До Куйбышева ещё не доехали, накрыли ребята ночью двоих солдат в нашем вагоне: по–немецки разговаривали, шептались. Драка, конечно: «Фашисты! Бей гадов!» И бить начали по–страшному. Ну, я‑то что, не человек совсем? Как смолчу, на нарах лёжа, когда людей невинных казнят? Не драка же — убийство. Теплушка–то с конями, с сеном; значит, вилы у всех. Полез разнимать. Мне: «И ты с ними, гад? Бей и его!» Я за вилы — и мне вилами. Успел дверь откатить, но выпрыгнул уже не сам — «помогли». Подобрали меня обходчик с дорожным мастером. Утром ручной дрезиной доставили в железнодорожную больницу. Морда ободрана до костей. Зубов спереди и сбоку восемь штук как не бывало. Рука левая вывихнута. Левая нога сломлена, в двух местах, и кость голенная торчит из–под кожи, на ладонь вылезла. Отправили в госпиталь в Кинель. Как ни плохо мне было, сообразил: молчать надо. Молчал. Месяца через полтора опер приходил, для порядка. Документы–то были исправные. Настоящие солдатские. Только на имя не моё. Он протокол составил, с тем и отвалил. Ещё я с месяц пролежал. Кости вроде срослися. Опухоль на плече спала. Морда заросла. Отправили меня на завод, здесь же, в Кинеле. На костылях. Недельки через две ушел я оттуда по–тихому, с костылями–то.

Обидно было очень, что на фронт не попал. Думал: провоюю на фронте, медаль получу. Или орден. Дадут краткосрочный — домой. Тогда приеду в Поти, к начальству: так, мол, и так — явился бывший флотский старшина, а теперь… ну, командир какой–никакой и кавалер. Разыщу Капитона — пусть видит, что не напрасно жизнью он рисковал, мне благодействуя. Ещё и потому такие дитячьи мысли приходили, что такую же ахинею в газетах читал, и потому ещё, что я снова бояться стал, но уже не за себя, — за Капитона. А когда думал о таком будущем, забывал ночь на проклятом буксире, страх, забывал даже, что воевать надо идти со своим настоящим именем, с фамилией своей отцовой. Не для памятника на могилке — какие там, на фронте, памятники.
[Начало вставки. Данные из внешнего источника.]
(* Let $(G,E)$ be a connected simple graph and $d,\rho$ metrics on $G$ such that $d$ is quasisymmetric to $\rho$. If $d$ fits to $(G,E)$, then $\rho$ fits to $(G,E)$.
   Context: $d$ is quasisymmetric to $\rho$ if there is a homeomorphism $\theta:[0,\infty)\to[0,\infty)$ with $\rho(x,y)/\rho(x,z)\le\theta(d(x,y)/d(x,z))$ for all $x,y,z$ with $x\ne z$. A metric $d$ fits to $(G,E)$ if (F1) there is $C>0$ with $d(x,y)\le Cd(x,z)$ for all $x,y,z$ with $x\sim y$ and $x\ne z$; and (F2) for every $\epsilon>0$ there exist $r>0$, $n\ge1$ and $x_0,\dots,x_n\in G$ with $x_i\in B_d(x_0,r)$ for $i\in[0,n-1]$, $x_n\notin B_d(x_0,r)$, and $d(x_i,x_{i-1})\le\epsilon r$, $x_i\sim x_{i-1}$ for $i\in[1,n]$. *)

theory Defs
  imports "HOL-Analysis.Analysis"
begin

definition simple_graph :: "'a set \<Rightarrow> ('a \<Rightarrow> 'a \<Rightarrow> bool) \<Rightarrow> bool" where
  "simple_graph G E \<longleftrightarrow>
     (\<forall>x y. E x y \<longrightarrow> x \<in> G \<and> y \<in> G) \<and>
     (\<forall>x y. E x y \<longrightarrow> E y x) \<and>
     (\<forall>x. \<not> E x x)"

definition connected_graph :: "'a set \<Rightarrow> ('a \<Rightarrow> 'a \<Rightarrow> bool) \<Rightarrow> bool" where
  "connected_graph G E \<longleftrightarrow> (\<forall>x\<in>G. \<forall>y\<in>G. E\<^sup>*\<^sup>* x y)"

definition metric_on :: "'a set \<Rightarrow> ('a \<Rightarrow> 'a \<Rightarrow> real) \<Rightarrow> bool" where
  "metric_on G d \<longleftrightarrow>
     (\<forall>x\<in>G. \<forall>y\<in>G. 0 \<le> d x y) \<and>
     (\<forall>x\<in>G. \<forall>y\<in>G. d x y = 0 \<longleftrightarrow> x = y) \<and>
     (\<forall>x\<in>G. \<forall>y\<in>G. d x y = d y x) \<and>
     (\<forall>x\<in>G. \<forall>y\<in>G. \<forall>z\<in>G. d x z \<le> d x y + d y z)"

definition quasisymmetric_to :: "'a set \<Rightarrow> ('a \<Rightarrow> 'a \<Rightarrow> real) \<Rightarrow> ('a \<Rightarrow> 'a \<Rightarrow> real) \<Rightarrow> bool" where
  "quasisymmetric_to G d \<rho> \<longleftrightarrow>
     (\<exists>\<theta> :: real \<Rightarrow> real. (\<exists>\<theta>'. homeomorphism {0..} {0..} \<theta> \<theta>') \<and>
        (\<forall>x\<in>G. \<forall>y\<in>G. \<forall>z\<in>G. x \<noteq> z \<longrightarrow> \<rho> x y / \<rho> x z \<le> \<theta> (d x y / d x z)))"

definition fits :: "'a set \<Rightarrow> ('a \<Rightarrow> 'a \<Rightarrow> bool) \<Rightarrow> ('a \<Rightarrow> 'a \<Rightarrow> real) \<Rightarrow> bool" where
  "fits G E d \<longleftrightarrow>
     (\<exists>C>0. \<forall>x\<in>G. \<forall>y\<in>G. \<forall>z\<in>G. E x y \<and> x \<noteq> z \<longrightarrow> d x y \<le> C * d x z) \<and>
     (\<forall>\<epsilon>>0. \<exists>r>0. \<exists>n\<ge>1. \<exists>xs :: nat \<Rightarrow> 'a.
        (\<forall>i\<le>n. xs i \<in> G) \<and>
        (\<forall>i<n. d (xs 0) (xs i) < r) \<and>
        \<not> (d (xs 0) (xs n) < r) \<and>
        (\<forall>i\<in>{1..n}. d (xs i) (xs (i - 1)) \<le> \<epsilon> * r \<and> E (xs i) (xs (i - 1))))"

end

theory Submission
  imports Defs
begin

text \<open>Quasisymmetry only enters through two properties of \<open>\<theta>\<close>: it is bounded on compact intervals,
  which transfers (F1), and \<open>\<theta> t \<rightarrow> 0\<close> as \<open>t \<rightarrow> 0\<close>, so \<open>d\<close>-small ratios are \<open>\<rho>\<close>-small ratios.
  For (F2), take a \<open>d\<close>-chain leaving \<open>B\<^sub>d(x\<^sub>0, r)\<close> with steps much shorter than \<open>r\<close> and stop it at
  its first exit from \<open>B\<^sub>\<rho>(x\<^sub>0, R)\<close>, \<open>R = \<rho>(x\<^sub>0, x\<^sub>n)\<close>. Every vertex \<open>x\<^sub>j\<close> before the exit has
  \<open>d\<close>-distance at least \<open>r/2\<close> from \<open>x\<^sub>0\<close> or \<open>x\<^sub>n\<close>, say \<open>z\<close>, so the next step is \<open>d\<close>-small compared
  with \<open>d(x\<^sub>j, z)\<close>, hence \<open>\<rho>\<close>-small compared with \<open>\<rho>(x\<^sub>j, z) \<le> 2R\<close>.\<close>

lemma homeomorphism_nonneg_reals_fixes_zero:
  fixes \<theta> \<theta>' :: "real \<Rightarrow> real"
  assumes hom: "homeomorphism {0..} {0..} \<theta> \<theta>'"
  shows "\<theta> 0 = 0"
proof (rule ccontr)
  assume "\<theta> 0 \<noteq> 0"
  have cont: "continuous_on {0..b} \<theta>" for b
    using homeomorphism_cont1[OF hom] by (rule continuous_on_subset) auto
  have inj: "inj_on \<theta> {0..b}" for b
    by (rule inj_on_inverseI[of _ \<theta>']) (use homeomorphism_apply1[OF hom] in auto)
  have onto: "\<exists>s\<ge>0. \<theta> s = y" if "y \<ge> 0" for y
    using homeomorphism_image1[OF hom] that by force
  have "\<theta> 0 \<in> {0..}"
    using homeomorphism_image1[OF hom] by blast
  with \<open>\<theta> 0 \<noteq> 0\<close> have pos: "\<theta> 0 > 0" by simp
  obtain s where s: "s \<ge> 0" "\<theta> s = 0" using onto by blast
  obtain t where t: "t \<ge> 0" "\<theta> t = \<theta> 0 + 1" using onto[of "\<theta> 0 + 1"] pos by auto
  have "s > 0" "t > 0" "s \<noteq> t"
    using s t pos by (auto simp: order_le_less)
  then consider "0 < s" "s < t" | "0 < t" "t < s" by linarith
  then show False
  proof cases
    case 1
    then show False
      using continuous_inj_imp_mono[OF 1 cont inj] s t pos by linarith
  next
    case 2
    then show False
      using continuous_inj_imp_mono[OF 2 cont inj] s t pos by linarith
  qed
qed

lemma metric_on_nonneg: "metric_on G d \<Longrightarrow> x \<in> G \<Longrightarrow> y \<in> G \<Longrightarrow> 0 \<le> d x y"
  by (simp add: metric_on_def)

lemma metric_on_eq_0_iff: "metric_on G d \<Longrightarrow> x \<in> G \<Longrightarrow> y \<in> G \<Longrightarrow> d x y = 0 \<longleftrightarrow> x = y"
  by (simp add: metric_on_def)

lemma metric_on_pos: "metric_on G d \<Longrightarrow> x \<in> G \<Longrightarrow> y \<in> G \<Longrightarrow> x \<noteq> y \<Longrightarrow> 0 < d x y"
  using metric_on_nonneg[of G d x y] metric_on_eq_0_iff[of G d x y] by simp

lemma metric_on_sym: "metric_on G d \<Longrightarrow> x \<in> G \<Longrightarrow> y \<in> G \<Longrightarrow> d x y = d y x"
  by (simp add: metric_on_def)

lemma metric_on_triangle:
  "metric_on G d \<Longrightarrow> x \<in> G \<Longrightarrow> y \<in> G \<Longrightarrow> z \<in> G \<Longrightarrow> d x z \<le> d x y + d y z"
  by (simp add: metric_on_def)

lemma metric_on_far_endpoint:
  assumes "metric_on G d" "x \<in> G" "y \<in> G" "w \<in> G" "r \<le> d x w"
  obtains z where "z = x \<or> z = w" "r / 2 \<le> d y z"
proof -
  have "d x w \<le> d y x + d y w"
    using metric_on_triangle[OF assms(1,2,3,4)] metric_on_sym[OF assms(1,2,3)] by simp
  then have "r / 2 \<le> d y x \<or> r / 2 \<le> d y w"
    using assms(5) by linarith
  then show ?thesis
    using that by blast
qed

lemma quasisymmetric_toD:
  assumes "quasisymmetric_to G d \<rho>"
  shows "\<exists>\<theta>. continuous_on {0..} \<theta> \<and> \<theta> 0 = 0 \<and>
           (\<forall>x\<in>G. \<forall>y\<in>G. \<forall>z\<in>G. x \<noteq> z \<longrightarrow> \<rho> x y / \<rho> x z \<le> \<theta> (d x y / d x z))"
proof -
  obtain \<theta> \<theta>' where hom: "homeomorphism {0..} {0..} \<theta> \<theta>'"
    and "\<forall>x\<in>G. \<forall>y\<in>G. \<forall>z\<in>G. x \<noteq> z \<longrightarrow> \<rho> x y / \<rho> x z \<le> \<theta> (d x y / d x z)"
    using assms unfolding quasisymmetric_to_def by blast
  with homeomorphism_cont1[OF hom] homeomorphism_nonneg_reals_fixes_zero[OF hom] show ?thesis
    by blast
qed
И не чтобы похоронка в настоящий дом пришла — дома–то никакого у меня нет. Сталин о том позаботился. Но чтобы знать–понимать, кто ты таков есть на самом деле. В кого пулю посылаешь смертную. За кого бьёшься.

И, правда, за кого мне было воевать? За «родину», которой я был чужим, «врагом лютым», потому, что тоже по–немецки умел? За «Сталина», который в меня случаем промахнулся? Или, напротив, за «Гитлера», потому что тоже понимает немецкий? Так Гитлер — он же с кунаком своим Сталиным, в меня стреляя воровски, тоже чуть–чуть не попал! Я ведь никак забыть не мог: встретил Сталин гостей с яхты, будто давно дружных, как вчера рассталися…

Ладно, мир они поделили. Договорилися по–хорошему изничтожить паразитов, от евреев освободиться, чтобы дать Земле отдохнуть и отдышаться от нечисти… Так они договаривалися… Я тогда, на буксире, слышал их разговор. Конечно, про политику много не понял — с моим–то немецким из колонии… Но всё равно — шутка ли, — Сталин с Гитлером сговаривались!

Сложилось у них — дружба. Согласие во всём. Тогда, на буксире, много чего умного поминалось. Подумал даже — дело они говорят. Особенно, про дрянь человеческую, которую начисто искоренят. Дряни–то, — эвона сколь её поразвелося! Просто так её не расчистить. И без них от неё не избавиться… Только почему же и меня — в дрянь? И меня — на мушку?!

И на тебе — драка промеж них. Война! Непонятно было сперва — как же так? Землю поделили по–хорошему. Шутили: — «Паразитов — на туки и в компостные ямы позакладывать!» Но правильно всё! Законно! Никогда ни об чём уголовники не сговорятся. Это я на урках лагерных проверил. Не знаю случая, чтобы подонки эти, сговорясь, и матерью, или свободою побожившись, не продали один другого, если, вдруг, учуется выгода, или опасность. Только когда урки промеж себя воюют — одно дело. Они сами себя режут. А вот когда вожди–фюреры власть да землю делят — тут не у нар свалка. И не ссученных в гальюнной яме живьём топят — в дерьмо головами… Тут неповинных казнят: миллионами. Тут крови океан…

И надо же — как–то немец один, офицер, — германец из пленных, — говорил. Рядом работали. Познакомились.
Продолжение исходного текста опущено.